Up For the Challenge - Brynn Thomas '11

Up For the Challenge


Brynn Thomas and Professor Susan Latham

Brynn Thomas isn’t one to shy away from a challenge. In fact, the senior psychology major chose Saint Mary’s because of the new experiences the College would offer her. “Coming from a co-ed high school, Saint Mary’s was a large step outside of my comfort zone and I wanted to challenge myself,” she says.

Saint Mary’s turned out to be a perfect fit and the next challenge Brynn faced was selecting her major. She chose psychology with a minor in communicative disorders. These choices helped Brynn map out a career path based on her interest in autism.

Brynn’s sister has high-functioning autism. In high school, Brynn learned a lot about autism spectrum disorder from her sister’s therapist and, after taking an advanced placement psychology course, Brynn took an interest in working with kids with autism.

At Saint Mary’s, Brynn took courses taught by Professor Susan Latham, coordinator of the communicative disorders program, enhancing Brynn’s favorite part of the academic experience.

“The moment when I can apply or connect what I have learned in class to a real life situation is something that I really enjoy. The professors in my classes expand on the subject as much as possible to show the students how relevant it is.
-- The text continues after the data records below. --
lemma alternant_column:
  assumes j: "j \<in> {1..m}"
  shows "alternant m (g(j := h)) u =
    (\<Sum>w | w permutes {1..m}. of_int (sign w) * h (u (w j)) * (\<Prod>i\<in>{1..m}-{j}. g i (u (w i))))"
  unfolding alternant_def
proof (rule sum.cong[OF refl])
  fix w
  have "(\<Prod>i\<in>{1..m}. (g(j := h)) i (u (w i)))
      = h (u (w j)) * (\<Prod>i\<in>{1..m}-{j}. (g(j := h)) i (u (w i)))"
    using j by (simp add: prod.remove)
  also have "(\<Prod>i\<in>{1..m}-{j}. (g(j := h)) i (u (w i))) = (\<Prod>i\<in>{1..m}-{j}. g i (u (w i)))"
    by (rule prod.cong) auto
  finally show "of_int (sign w) * (\<Prod>i\<in>{1..m}. (g(j := h)) i (u (w i))) =
      of_int (sign w) * h (u (w j)) * (\<Prod>i\<in>{1..m}-{j}. g i (u (w i)))"
    by simp
qed

lemma alternant_column_linear:
  assumes j: "j \<in> {1..m}"
  shows "alternant m (g(j := (\<lambda>z. a * h1 z + b * h2 z + c * h3 z))) u
       = a * alternant m (g(j := h1)) u + b * alternant m (g(j := h2)) u + c * alternant m (g(j := h3)) u"
  unfolding alternant_column[OF j] sum_distrib_left sum.distrib[symmetric]
  by (rule sum.cong) (simp_all add: algebra_simps)

lemma alternant_equal_columns:
  assumes i: "i \<in> {1..m}" and j: "j \<in> {1..m}" and "i \<noteq> j" and eq: "g i = g j"
  shows "alternant m g u = 0"
proof -
  let ?t = "transpose i j"
  have t: "?t permutes {1..m}" using i j by (rule permutes_swap_id)
  have swap: "of_int (sign (w \<circ> ?t)) * (\<Prod>k\<in>{1..m}. g k (u ((w \<circ> ?t) k)))
      = - (of_int (sign w) * (\<Prod>k\<in>{1..m}. g k (u (w k))))" if w: "w permutes {1..m}" for w
  proof -
    have "permutation w" "permutation ?t"
      using w t permutation_permutes by blast+
    then have "sign (w \<circ> ?t) = - sign w"
      using \<open>i \<noteq> j\<close> by (simp add: sign_compose sign_swap_id)
    moreover have "(\<Prod>k\<in>{1..m}. g k (u ((w \<circ> ?t) k))) = (\<Prod>k\<in>{1..m}. g (?t k) (u (w k)))"
      using prod.permute[OF t, of "\<lambda>k. g (?t k) (u (w k))"] by (simp add: o_def)
    moreover have "g (?t k) = g k" for k
      using eq by (auto simp: transpose_def)
    ultimately show ?thesis by simp
  qed
  have "alternant m g u
      = (\<Sum>w | w permutes {1..m}. of_int (sign (w \<circ> ?t)) * (\<Prod>k\<in>{1..m}. g k (u ((w \<circ> ?t) k))))"
    unfolding alternant_def by (rule sum_permutations_compose_right[OF t])
  also have "\<dots> = - alternant m g u"
    unfolding alternant_def sum_negf[symmetric] by (rule sum.cong[OF refl]) (rule swap, simp)
  finally show ?thesis by simp
qed

lemma alternant_times_power_sum:
  "(\<Sum>i=1..m. u i) * alternant m g u = (\<Sum>j=1..m. alternant m (g(j := (\<lambda>z. z * g j z))) u)"
proof -
  let ?P = "\<lambda>w. \<Prod>i\<in>{1..m}. g i (u (w i))"
  have column: "alternant m (g(j := (\<lambda>z. z * g j z))) u
      = (\<Sum>w | w permutes {1..m}. of_int (sign w) * u (w j) * ?P w)" if j: "j \<in> {1..m}" for j
    unfolding alternant_column[OF j] using j by (intro sum.cong) (simp_all add: prod.remove)
  have permuted_sum: "(\<Sum>j=1..m. u (w j)) = (\<Sum>j=1..m. u j)" if "w permutes {1..m}" for w
    using sum.permute[OF that, of u] by (simp add: o_def)
  have "(\<Sum>j=1..m. alternant m (g(j := (\<lambda>z. z * g j z))) u)
      = (\<Sum>j=1..m. \<Sum>w | w permutes {1..m}. of_int (sign w) * u (w j) * ?P w)"
    using column by simp
  also have "\<dots> = (\<Sum>w | w permutes {1..m}. of_int (sign w) * (\<Sum>j=1..m. u (w j)) * ?P w)"
    by (subst sum.swap) (simp add: sum_distrib_left sum_distrib_right)
  also have "\<dots> = (\<Sum>w | w permutes {1..m}. (\<Sum>j=1..m. u j) * (of_int (sign w) * ?P w))"
    using permuted_sum by (intro sum.cong) simp_all
  also have "\<dots> = (\<Sum>i=1..m. u i) * alternant m g u"
    unfolding alternant_def by (simp add: sum_distrib_left)
  finally show ?thesis by simp
qed

theorem alternant_three_term:
  fixes F :: "nat \<Rightarrow> real \<Rightarrow> real" and A B :: "nat \<Rightarrow> real" and k :: "nat \<Rightarrow> nat"
  assumes rec: "\<And>l z. z * F l z = F (l+1) z + A l * F l z + B l * F (l-1) z"
  defines "g \<equiv> \<lambda>i. F (k i)"
  shows "(\<Sum>i=1..m. u i) * alternant m g u
       = (\<Sum>j=1..m. alternant m (g(j := F (k j + 1))) u)
         + (\<Sum>j=1..m. A (k j)) * alternant m g u
         + (\<Sum>j=1..m. B (k j) * alternant m (g(j := F (k j - 1))) u)"
proof -
  have "alternant m (g(j := (\<lambda>z. z * g j z))) u
      = alternant m (g(j := F (k j + 1))) u + A (k j) * alternant m g u
        + B (k j) * alternant m (g(j := F (k j - 1))) u" if j: "j \<in> {1..m}" for j
  proof -
    have col: "(\<lambda>z. z * g j z)
        = (\<lambda>z. 1 * F (k j + 1) z + A (k j) * F (k j) z + B (k j) * F (k j - 1) z)"
      unfolding g_def using rec by simp
    have unchanged: "g(j := F (k j)) = g"
      unfolding g_def by auto
    show ?thesis
      unfolding col alternant_column_linear[OF j] unchanged by simp
  qed
  then show ?thesis
    unfolding alternant_times_power_sum by (simp add: sum.distrib sum_distrib_right)
qed

lemma partition_antimono:
  assumes "is_partition m lam" and "1 \<le> i" "i \<le> j" "j \<le> m"
  shows "lam j \<le> lam i"
  using assms unfolding is_partition_def by blast

text \<open>Raising part j fails to give a partition only when part j-1 equals part j;
  then the raised column coincides with column j-1.\<close>

lemma raise_fails:
  assumes P: "is_partition m lam" and j: "j \<in> {1..m}"
    and fail: "\<not> is_partition m (lam(j := lam j + 1))"
  shows "2 \<le> j \<and> lam (j-1) = lam j"
proof (rule ccontr)
  assume "\<not> (2 \<le> j \<and> lam (j-1) = lam j)"
  then have room: "j = 1 \<or> lam j < lam (j-1)"
    using j partition_antimono[OF P, of "j-1" j] by fastforce
  have "is_partition m (lam(j := lam j + 1))"
    unfolding is_partition_def
  proof (intro allI impI)
    fix a b assume ab: "1 \<le> a \<and> a \<le> b \<and> b \<le> m"
    then have "lam b \<le> lam a" using partition_antimono[OF P] by blast
    moreover have "lam (j-1) \<le> lam a" if "a < j"
      using partition_antimono[OF P, of a "j-1"] ab j that by simp
    ultimately show "(lam(j := lam j + 1)) b \<le> (lam(j := lam j + 1)) a"
      using room ab by auto
  qed
  with fail show False ..
qed

text \<open>Lowering part j fails only when it is the last part and is zero, or when
  part j+1 equals part j; then the lowered column coincides with column j+1.\<close>

lemma lower_fails:
  assumes P: "is_partition m lam" and j: "j \<in> {1..m}"
    and fail: "\<not> (1 \<le> lam j \<and> is_partition m (lam(j := lam j - 1)))"
  shows "(j = m \<and> lam j = 0) \<or> (j < m \<and> lam (j+1) = lam j)"
proof (rule ccontr)
  assume "\<not> ?thesis"
  then have pos: "1 \<le> lam j" and room: "j = m \<or> lam (j+1) < lam j"
    using j partition_antimono[OF P, of j "j+1"] by fastforce+
  have "is_partition m (lam(j := lam j - 1))"
    unfolding is_partition_def
  proof (intro allI impI)
    fix a b assume ab: "1 \<le> a \<and> a \<le> b \<and> b \<le> m"
    then have "lam b \<le> lam a" using partition_antimono[OF P] by blast
    moreover have "lam b \<le> lam (j+1)" if "j < b"
      using partition_antimono[OF P, of "j+1" b] ab j that by simp
    ultimately show "(lam(j := lam j - 1)) b \<le> (lam(j := lam j - 1)) a"
      using room ab by auto
  qed
  with fail pos show False by blast
qed

lemma downclosed_interval:
  fixes A :: "nat set"
  assumes sub: "A \<subseteq> {1..m}" and down: "\<And>i j. j \<in> A \<Longrightarrow> 1 \<le> i \<Longrightarrow> i \<le> j \<Longrightarrow> i \<in> A"
  shows "A = {1..card A}"
proof -
  obtain n where "A = {1..n}"
  proof (cases "A = {}")
    case True
    then show ?thesis using that[of 0] by simp
  next
    case False
    have fin: "finite A" using sub finite_subset by blast
    have "A = {1..Max A}"
      using Max_ge[OF fin] Max_in[OF fin False] sub down by fastforce
    then show ?thesis by (rule that)
  qed
  then show ?thesis by simp
qed

lemma nonzero_parts:
  assumes P: "is_partition m lam"
  shows "{i\<in>{1..m}. lam i \<noteq> 0} = {1..plen m lam}"
  unfolding plen_def
proof (rule downclosed_interval)
  fix i j assume "j \<in> {i\<in>{1..m}. lam i \<noteq> 0}" "1 \<le> i" "i \<le> j"
  then show "i \<in> {i\<in>{1..m}. lam i \<noteq> 0}"
    using partition_antimono[OF P, of i j] by auto
qed auto

lemma plen_le: "plen m lam \<le> m"
proof -
  have "plen m lam \<le> card {1..m}"
    unfolding plen_def by (rule card_mono) auto
  then show ?thesis by simp
qed

lemma diagonal_sum:
  fixes A :: "nat \<Rightarrow> real"
  assumes P: "is_partition m lam"
  shows "(\<Sum>j=1..m. A (lam j + m - j))
       = (\<Sum>i=1..plen m lam. A (lam i + m - i)) + (\<Sum>k<m - plen m lam. A k)"
proof -
  define L where "L = plen m lam"
  have parts: "{i\<in>{1..m}. lam i \<noteq> 0} = {1..L}"
    unfolding L_def by (rule nonzero_parts[OF P])
  have "L \<le> m" unfolding L_def by (rule plen_le)
  have zero: "lam j = 0" if "L < j" "j \<le> m" for j
  proof -
    have "j \<notin> {i\<in>{1..m}. lam i \<noteq> 0}" unfolding parts using that by simp
    with that show ?thesis by simp
  qed
  have "{1..m} = {1..L} \<union> {L+1..m}"
    using \<open>L \<le> m\<close> by auto
  then have "(\<Sum>j=1..m. A (lam j + m - j))
      = (\<Sum>j=1..L. A (lam j + m - j)) + (\<Sum>j=L+1..m. A (lam j + m - j))"
    by (simp add: sum.union_disjoint)
  also have "(\<Sum>j=L+1..m. A (lam j + m - j)) = (\<Sum>j=L+1..m. A (m - j))"
    using zero by (intro sum.cong) auto
  also have "\<dots> = (\<Sum>k<m-L. A k)"
    by (rule sum.reindex_bij_witness[where i="\<lambda>k. m - k" and j="\<lambda>j. m - j"]) (use \<open>L \<le> m\<close> in auto)
  finally show ?thesis unfolding L_def .
qed

text \<open>The up-shifted alternants for k_i = lam_i+m-i: those that are not partition
  alternants vanish.\<close>

lemma raising_terms:
  fixes F :: "nat \<Rightarrow> real \<Rightarrow> real"
  assumes P: "is_partition m lam"
  defines "g \<equiv> \<lambda>i. F (lam i + m - i)"
  shows "(\<Sum>j=1..m. alternant m (g(j := F (lam j + m - j + 1))) u)
       = (\<Sum>j\<in>{j\<in>{1..m}. is_partition m (lam(j := lam j + 1))}.
            alternant m (\<lambda>i. F ((lam(j := lam j + 1)) i + m - i)) u)"
proof (intro sum.mono_neutral_cong_right ballI)
  show "alternant m (g(j := F (lam j + m - j + 1))) u = 0"
    if "j \<in> {1..m} - {j\<in>{1..m}. is_partition m (lam(j := lam j + 1))}" for j
  proof -
    from that have j: "j \<in> {1..m}" by simp
    with that raise_fails[OF P j] have "2 \<le> j" "lam (j-1) = lam j" by auto
    then show ?thesis
      using j by (intro alternant_equal_columns[of "j-1" m j]) (auto simp: g_def Suc_diff_le)
  qed
  show "alternant m (g(j := F (lam j + m - j + 1))) u
      = alternant m (\<lambda>i. F ((lam(j := lam j + 1)) i + m - i)) u"
    if "j \<in> {j\<in>{1..m}. is_partition m (lam(j := lam j + 1))}" for j
  proof -
    from that have "j \<le> m" by simp
    then have "g(j := F (lam j + m - j + 1)) = (\<lambda>i. F ((lam(j := lam j + 1)) i + m - i))"
      unfolding g_def by (auto simp: fun_eq_iff Suc_diff_le)
    then show ?thesis by simp
  qed
qed auto

text \<open>The down-shifted alternants for k_i = lam_i+m-i: those that are not partition
  alternants vanish or carry the factor B(0) = 0.\<close>

lemma lowering_terms:
  fixes F :: "nat \<Rightarrow> real \<Rightarrow> real" and B :: "nat \<Rightarrow> real"
  assumes P: "is_partition m lam" and B0: "B 0 = 0"
  defines "g \<equiv> \<lambda>i. F (lam i + m - i)"
  shows "(\<Sum>j=1..m. B (lam j + m - j) * alternant m (g(j := F (lam j + m - j - 1))) u)
       = (\<Sum>j\<in>{j\<in>{1..m}. 1 \<le> lam j \<and> is_partition m (lam(j := lam j - 1))}.
            B (lam j + m - j) * alternant m (\<lambda>i. F ((lam(j := lam j - 1)) i + m - i)) u)"
proof (intro sum.mono_neutral_cong_right ballI)
  show "B (lam j + m - j) * alternant m (g(j := F (lam j + m - j - 1))) u = 0"
    if "j \<in> {1..m} - {j\<in>{1..m}. 1 \<le> lam j \<and> is_partition m (lam(j := lam j - 1))}" for j
  proof -
    from that have j: "j \<in> {1..m}" by simp
    with that lower_fails[OF P j]
    consider "j = m" "lam j = 0" | "j < m" "lam (j+1) = lam j" by auto
    then show ?thesis
    proof cases
      case 1
      then show ?thesis using B0 by simp
    next
      case 2
      then have "alternant m (g(j := F (lam j + m - j - 1))) u = 0"
        using j by (intro alternant_equal_columns[of "j+1" m j]) (auto simp: g_def)
      then show ?thesis by simp
    qed
  qed
  show "B (lam j + m - j) * alternant m (g(j := F (lam j + m - j - 1))) u
      = B (lam j + m - j) * alternant m (\<lambda>i. F ((lam(j := lam j - 1)) i + m - i)) u"
    if "j \<in> {j\<in>{1..m}. 1 \<le> lam j \<and> is_partition m (lam(j := lam j - 1))}" for j
  proof -
    from that have "j \<le> m" "1 \<le> lam j" by simp_all
    then have "g(j := F (lam j + m - j - 1)) = (\<lambda>i. F ((lam(j := lam j - 1)) i + m - i))"
      unfolding g_def by (auto simp: fun_eq_iff)
    then show ?thesis by simp
  qed
qed auto

theorem alternant_partition_recurrence:
  fixes F :: "nat \<Rightarrow> real \<Rightarrow> real" and A B :: "nat \<Rightarrow> real"
    and m :: nat and lam :: "nat \<Rightarrow> nat" and u :: "nat \<Rightarrow> real"
  assumes rec: "\<And>l z. z * F l z = F (l+1) z + A l * F l z + B l * F (l-1) z"
    and B0: "B 0 = 0" and P: "is_partition m lam"
  defines "J \<equiv> \<lambda>\<mu>. alternant m (\<lambda>i. F (\<mu> i + m - i)) u"
  shows "(\<Sum>i=1..m. u i) * J lam
       = (\<Sum>j\<in>{j\<in>{1..m}. is_partition m (lam(j := lam j + 1))}. J (lam(j := lam j + 1)))
         + (\<Sum>j=1..m. A (lam j + m - j)) * J lam
         + (\<Sum>j\<in>{j\<in>{1..m}. 1 \<le> lam j \<and> is_partition m (lam(j := lam j - 1))}.
              B (lam j + m - j) * J (lam(j := lam j - 1)))"
  using alternant_three_term[OF rec, where k="\<lambda>i. lam i + m - i" and m=m and u=u]
  unfolding J_def raising_terms[OF P, where F=F] lowering_terms[OF P, where B=B and F=F, OF B0] .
They show us how we might normally overlook a situation but with our new knowledge, we can recognize it and learn from it,” Brynn explains.

In her junior year, the two decided to apply Brynn’s learning and Latham’s own research through the Student Independent Study and Research (SISTAR) program. SISTAR grants fund summer research for student-faculty teams during which the student acts as a junior colleague. SISTAR teams present their research the following semester to the College community and at professional conferences all over the country.

Brynn and Latham were awarded the 2010 Maryjeanne R. Burke and Daughters SISTAR grant and took on the topic of autism treatment. In addition, Brynn worked, and still works, with Professor Joshua Diehl at Notre Dame in the University’s F.U.N. (For Understanding Neurodevelopment) lab. 

Hands-on experience in her chosen field is helping to shape Brynn’s future. “Being able to take my interests, something I enjoy doing, and turning them into a career would be an amazing accomplishment,” she says.

The key to facing her next challenge—beginning her career after graduation this year—is flexibility, Brynn says. “I try to look at life as a path that continually changes. Every time I create a plan for myself, it is inevitable that I will have to adjust it. I try to adapt to life, while staying calm and optimistic.”